==== Provided records ====

(* Let $I\ge0$, $\beta>0$, $\alpha,\omega\in S_I$ with $\alpha_0>0$. The endpoint constraint $(\alpha,\omega,\beta)$ is feasible if and only if $$\sum_{j=0}^i\alpha_j\ge\sum_{j=0}^i\omega_j\quad (i=0,\dots,I)$$ and $$\sum_{i=0}^I i\omega_i+(I+1)\omega_{I+}\le\sum_{k=0}^{I+1}k\alpha_k+\beta.$$
   Context: $S_I=\{\gamma\in\mathbb{R}^{I+2}:\gamma_j\ge0,\sum_{j=0}^{I+1}\gamma_j=1\}$; components of $\alpha$ are written $\alpha_0,\dots,\alpha_{I+1}$ and of $\omega$ as $\omega_0,\dots,\omega_I,\omega_{I+}$. A valid occupancy function on $[0,\beta]$ is an absolutely continuous $\gamma:[0,\beta]\to S_I$ whose rate $\theta$ (defined by $\dot\gamma_0=-\theta_0$, $\dot\gamma_j=\theta_{j-1}-\theta_j$ for $1\le j\le I$, $\dot\gamma_{I+}=\theta_I$, $\sum_j\theta_j=1$) lies in $S_I$ for a.e. $x$. $(\alpha,\omega,\beta)$ is feasible if there exists a valid occupancy function $\gamma$ on $[0,\beta]$ with $\gamma(0)=\alpha$ and $\gamma(\beta)=\omega$. *)

theory Defs
  imports "HOL-Analysis.Analysis"
begin

text \<open>Points of R^(I+2) are represented as functions nat => real; only the
components 0..I+1 are meaningful, component I+1 playing the role of the
component "I+".\<close>

definition simplexI :: "nat \<Rightarrow> (nat \<Rightarrow> real) set" where
  "simplexI I = {g. (\<forall>j\<le>I+1. 0 \<le> g j) \<and> (\<Sum>j\<le>I+1. g j) = 1}"

definition abs_cont_on :: "real \<Rightarrow> real \<Rightarrow> (real \<Rightarrow> real) \<Rightarrow> bool" where
  "abs_cont_on a b f \<longleftrightarrow>
     (\<forall>e>0. \<exists>d>0. \<forall>(n::nat) (u::nat \<Rightarrow> real) (v::nat \<Rightarrow> real).
        (\<forall>k<n. a \<le> u k \<and> u k \<le> v k \<and> v k \<le> b) \<and>
        (\<forall>k<n. \<forall>l<n. k \<noteq> l \<longrightarrow> v k \<le> u l \<or> v l \<le> u k) \<and>
        (\<Sum>k<n. v k - u k) < d
        \<longrightarrow> (\<Sum>k<n. \<bar>f (v k) - f (u k)\<bar>) < e)"

definition rate_deriv :: "nat \<Rightarrow> (nat \<Rightarrow> real) \<Rightarrow> nat \<Rightarrow> real" where
  "rate_deriv I \<theta> j = (if j = 0 then - \<theta> 0 else if j \<le> I then \<theta> (j - 1) - \<theta> j else \<theta> I)"

definition valid_occupancy :: "nat \<Rightarrow> real \<Rightarrow> (real \<Rightarrow> nat \<Rightarrow> real) \<Rightarrow> bool" where
  "valid_occupancy I \<beta> \<gamma> \<longleftrightarrow>
     (\<forall>j\<le>I+1. abs_cont_on 0 \<beta> (\<lambda>x. \<gamma> x j)) \<and>
     (\<forall>x\<in>{0..\<beta>}. \<gamma> x \<in> simplexI I) \<and>
     (\<exists>\<theta> :: real \<Rightarrow> nat \<Rightarrow> real.
        AE x in lebesgue. x \<in> {0..\<beta>} \<longrightarrow>
          (\<forall>j\<le>I+1. ((\<lambda>t. \<gamma> t j) has_real_derivative rate_deriv I (\<theta> x) j) (at x))
          \<and> \<theta> x \<in> simplexI I)"

definition feasible :: "nat \<Rightarrow> (nat \<Rightarrow> real) \<Rightarrow> (nat \<Rightarrow> real) \<Rightarrow> real \<Rightarrow> bool" where
  "feasible I \<alpha> \<omega> \<beta> \<longleftrightarrow>
     (\<exists>\<gamma>. valid_occupancy I \<beta> \<gamma> \<and> (\<forall>j\<le>I+1. \<gamma> 0 j = \<alpha> j) \<and> (\<forall>j\<le>I+1. \<gamma> \<beta> j = \<omega> j))"

end

theory Submission
  imports Defs
begin

(* With Gamma_i = gamma_0 + ... + gamma_i, the rate equations say Gamma_i' = -theta_i for i <= I.
   Hence each Gamma_i is nonincreasing, which is the first condition, and
   Gamma_0 + ... + Gamma_I = (I + 1) - sum_k k gamma_k has derivative
   -(theta_0 + ... + theta_I) >= -1, which is the second condition after integration over
   [0, beta].  "Integration" is the fact that an absolutely continuous function with nonpositive
   derivative almost everywhere is nonincreasing, which follows from Cousin's lemma.
   Conversely, under the two conditions the straight line from alpha to omega is an occupancy:
   its constant rate theta_i = (Gamma_i(0) - Gamma_i(beta)) / beta for i <= I, completed by
   theta_(I+1) = 1 - (theta_0 + ... + theta_I), lies in the simplex. *)

definition nonoverlapping_intervals :: "real \<Rightarrow> real \<Rightarrow> nat \<Rightarrow> (nat \<Rightarrow> real) \<Rightarrow> (nat \<Rightarrow> real) \<Rightarrow> bool" where
  "nonoverlapping_intervals a b n u v \<longleftrightarrow>
     (\<forall>k<n. a \<le> u k \<and> u k \<le> v k \<and> v k \<le> b) \<and>
     (\<forall>k<n. \<forall>l<n. k \<noteq> l \<longrightarrow> v k \<le> u l \<or> v l \<le> u k)"

lemma abs_cont_on_iff:
  "abs_cont_on a b f \<longleftrightarrow>
     (\<forall>e>0. \<exists>d>0. \<forall>n u v. nonoverlapping_intervals a b n u v \<longrightarrow>
        (\<Sum>k<n. v k - u k) < d \<longrightarrow> (\<Sum>k<n. \<bar>f (v k) - f (u k)\<bar>) < e)"
  unfolding abs_cont_on_def nonoverlapping_intervals_def by (simp only: imp_conjL)

lemma abs_cont_onI:
  assumes "\<And>e. e > 0 \<Longrightarrow> \<exists>d>0. \<forall>n u v. nonoverlapping_intervals a b n u v \<longrightarrow>
             (\<Sum>k<n. v k - u k) < d \<longrightarrow> (\<Sum>k<n. \<bar>f (v k) - f (u k)\<bar>) < e"
  shows "abs_cont_on a b f"
  using assms unfolding abs_cont_on_iff by simp

lemma abs_cont_onE:
  assumes "abs_cont_on a b f" "e > 0"
  obtains d where "d > 0"
    "\<And>n u v. nonoverlapping_intervals a b n u v \<Longrightarrow> (\<Sum>k<n. v k - u k) < d \<Longrightarrow>
       (\<Sum>k<n. \<bar>f (v k) - f (u k)\<bar>) < e"
  using assms unfolding abs_cont_on_iff by blast

lemma abs_cont_on_lipschitz:
  assumes "\<And>x y. x \<in> {a..b} \<Longrightarrow> y \<in> {a..b} \<Longrightarrow> \<bar>f x - f y\<bar> \<le> L * \<bar>x - y\<bar>"
  shows "abs_cont_on a b f"
proof (rule abs_cont_onI)
  fix e :: real assume "e > 0"
  define d where "d = e / (\<bar>L\<bar> + 1)"
  have "d > 0" and Ld: "\<bar>L\<bar> * d < e"
    using \<open>e > 0\<close> by (auto simp: d_def field_simps)
  show "\<exists>d>0. \<forall>n u v. nonoverlapping_intervals a b n u v \<longrightarrow>
          (\<Sum>k<n. v k - u k) < d \<longrightarrow> (\<Sum>k<n. \<bar>f (v k) - f (u k)\<bar>) < e"
  proof (intro exI[of _ d] conjI allI impI)
    fix n u v assume uv: "nonoverlapping_intervals a b n u v" and len: "(\<Sum>k<n. v k - u k) < d"
    have "(\<Sum>k<n. \<bar>f (v k) - f (u k)\<bar>) \<le> (\<Sum>k<n. \<bar>L\<bar> * (v k - u k))"
    proof (rule sum_mono)
      fix k assume "k \<in> {..<n}"
      then have "a \<le> u k" "u k \<le> v k" "v k \<le> b"
        using uv by (auto simp: nonoverlapping_intervals_def)
      then have "\<bar>f (v k) - f (u k)\<bar> \<le> L * \<bar>v k - u k\<bar>" by (intro assms) auto
      also have "\<dots> \<le> \<bar>L\<bar> * (v k - u k)" using \<open>u k \<le> v k\<close> by (simp add: mult_right_mono)
      finally show "\<bar>f (v k) - f (u k)\<bar> \<le> \<bar>L\<bar> * (v k - u k)" .
    qed
    also have "\<dots> \<le> \<bar>L\<bar> * d"
      using len by (simp add: sum_distrib_left[symmetric] mult_left_mono)
    finally show "(\<Sum>k<n. \<bar>f (v k) - f (u k)\<bar>) < e" using Ld by linarith
  qed (fact \<open>d > 0\<close>)
qed

lemma abs_cont_on_const: "abs_cont_on a b (\<lambda>x. c)"
  by (rule abs_cont_on_lipschitz[where L = 0]) simp

lemma abs_cont_on_affine: "abs_cont_on a b (\<lambda>x. c + x * r)"
  by (rule abs_cont_on_lipschitz[where L = "\<bar>r\<bar>"]) (simp add: abs_mult[symmetric] algebra_simps)

lemma abs_cont_on_add:
  assumes f: "abs_cont_on a b f" and g: "abs_cont_on a b g"
  shows "abs_cont_on a b (\<lambda>x. f x + g x)"
proof (rule abs_cont_onI)
  fix e :: real assume "e > 0"
  obtain d1 where "d1 > 0" and D1: "\<And>n u v. nonoverlapping_intervals a b n u v \<Longrightarrow>
      (\<Sum>k<n. v k - u k) < d1 \<Longrightarrow> (\<Sum>k<n. \<bar>f (v k) - f (u k)\<bar>) < e / 2"
    using abs_cont_onE[OF f, of "e / 2"] \<open>e > 0\<close> by auto
  obtain d2 where "d2 > 0" and D2: "\<And>n u v. nonoverlapping_intervals a b n u v \<Longrightarrow>
      (\<Sum>k<n. v k - u k) < d2 \<Longrightarrow> (\<Sum>k<n. \<bar>g (v k) - g (u k)\<bar>) < e / 2"
    using abs_cont_onE[OF g, of "e / 2"] \<open>e > 0\<close> by auto
  show "\<exists>d>0. \<forall>n u v. nonoverlapping_intervals a b n u v \<longrightarrow> (\<Sum>k<n. v k - u k) < d \<longrightarrow>
          (\<Sum>k<n. \<bar>f (v k) + g (v k) - (f (u k) + g (u k))\<bar>) < e"
  proof (intro exI[of _ "min d1 d2"] conjI allI impI)
    fix n u v assume uv: "nonoverlapping_intervals a b n u v" and len: "(\<Sum>k<n. v k - u k) < min d1 d2"
    have "(\<Sum>k<n. \<bar>f (v k) + g (v k) - (f (u k) + g (u k))\<bar>)
        \<le> (\<Sum>k<n. \<bar>f (v k) - f (u k)\<bar>) + (\<Sum>k<n. \<bar>g (v k) - g (u k)\<bar>)"
      by (simp add: sum.distrib[symmetric] sum_mono)
    also have "\<dots> < e / 2 + e / 2"
      using D1[OF uv] D2[OF uv] len by (intro add_strict_mono) auto
    finally show "(\<Sum>k<n. \<bar>f (v k) + g (v k) - (f (u k) + g (u k))\<bar>) < e" by simp
  qed (use \<open>d1 > 0\<close> \<open>d2 > 0\<close> in simp)
qed

lemma abs_cont_on_uminus:
  assumes "abs_cont_on a b f"
  shows "abs_cont_on a b (\<lambda>x. - f x)"
  using assms unfolding abs_cont_on_def by (simp add: abs_minus_commute)

lemma abs_cont_on_sum:
  assumes "finite S" "\<And>j. j \<in> S \<Longrightarrow> abs_cont_on a b (f j)"
  shows "abs_cont_on a b (\<lambda>x. \<Sum>j\<in>S. f j x)"
  using assms
proof (induction S rule: finite_induct)
  case empty
  then show ?case using abs_cont_on_const by simp
next
  case (insert j S)
  then show ?case by (simp add: abs_cont_on_add)
qed

lemma tagged_partial_division_of_realD:
  fixes a b :: real
  assumes "p tagged_partial_division_of {a..b}" "(x, K) \<in> p"
  shows "K = {Inf K..Sup K}" "a \<le> Inf K" "Inf K \<le> x" "x \<le> Sup K" "Sup K \<le> b"
    and "measure lebesgue K = Sup K - Inf K"
proof -
  obtain u v where K: "K = {u..v}"
    using tagged_partial_division_ofD(4)[OF assms] by (auto simp: cbox_interval)
  moreover have "x \<in> K" "K \<subseteq> {a..b}"
    using tagged_partial_division_ofD(2,3)[OF assms] by auto
  ultimately have "u \<le> x" "x \<le> v" "a \<le> u" "v \<le> b"
    by auto
  then show "K = {Inf K..Sup K}" "a \<le> Inf K" "Inf K \<le> x" "x \<le> Sup K" "Sup K \<le> b"
    and "measure lebesgue K = Sup K - Inf K"
    using K by auto
qed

====

▸ Exercise directions: All that is wanted is an exact copy of the lines above from the one with "qed (fact \<open>d > 0\<close>)" through the one with "(u k)\<bar>) +", with both ends included.

▸ Answer box:
  qed (fact \<open>d > 0\<close>)
qed

lemma abs_cont_on_const: "abs_cont_on a b (\<lambda>x. c)"
  by (rule abs_cont_on_lipschitz[where L = 0]) simp

lemma abs_cont_on_affine: "abs_cont_on a b (\<lambda>x. c + x * r)"
  by (rule abs_cont_on_lipschitz[where L = "\<bar>r\<bar>"]) (simp add: abs_mult[symmetric] algebra_simps)

lemma abs_cont_on_add:
  assumes f: "abs_cont_on a b f" and g: "abs_cont_on a b g"
  shows "abs_cont_on a b (\<lambda>x. f x + g x)"
proof (rule abs_cont_onI)
  fix e :: real assume "e > 0"
  obtain d1 where "d1 > 0" and D1: "\<And>n u v. nonoverlapping_intervals a b n u v \<Longrightarrow>
      (\<Sum>k<n. v k - u k) < d1 \<Longrightarrow> (\<Sum>k<n. \<bar>f (v k) - f (u k)\<bar>) < e / 2"
    using abs_cont_onE[OF f, of "e / 2"] \<open>e > 0\<close> by auto
  obtain d2 where "d2 > 0" and D2: "\<And>n u v. nonoverlapping_intervals a b n u v \<Longrightarrow>
      (\<Sum>k<n. v k - u k) < d2 \<Longrightarrow> (\<Sum>k<n. \<bar>g (v k) - g (u k)\<bar>) < e / 2"
    using abs_cont_onE[OF g, of "e / 2"] \<open>e > 0\<close> by auto
  show "\<exists>d>0. \<forall>n u v. nonoverlapping_intervals a b n u v \<longrightarrow> (\<Sum>k<n. v k - u k) < d \<longrightarrow>
          (\<Sum>k<n. \<bar>f (v k) + g (v k) - (f (u k) + g (u k))\<bar>) < e"
  proof (intro exI[of _ "min d1 d2"] conjI allI impI)
    fix n u v assume uv: "nonoverlapping_intervals a b n u v" and len: "(\<Sum>k<n. v k - u k) < min d1 d2"
    have "(\<Sum>k<n. \<bar>f (v k) + g (v k) - (f (u k) + g (u k))\<bar>)
        \<le> (\<Sum>k<n. \<bar>f (v k) - f (u k)\<bar>) + (\<Sum>k<n. \<bar>g (v k) - g (u k)\<bar>)"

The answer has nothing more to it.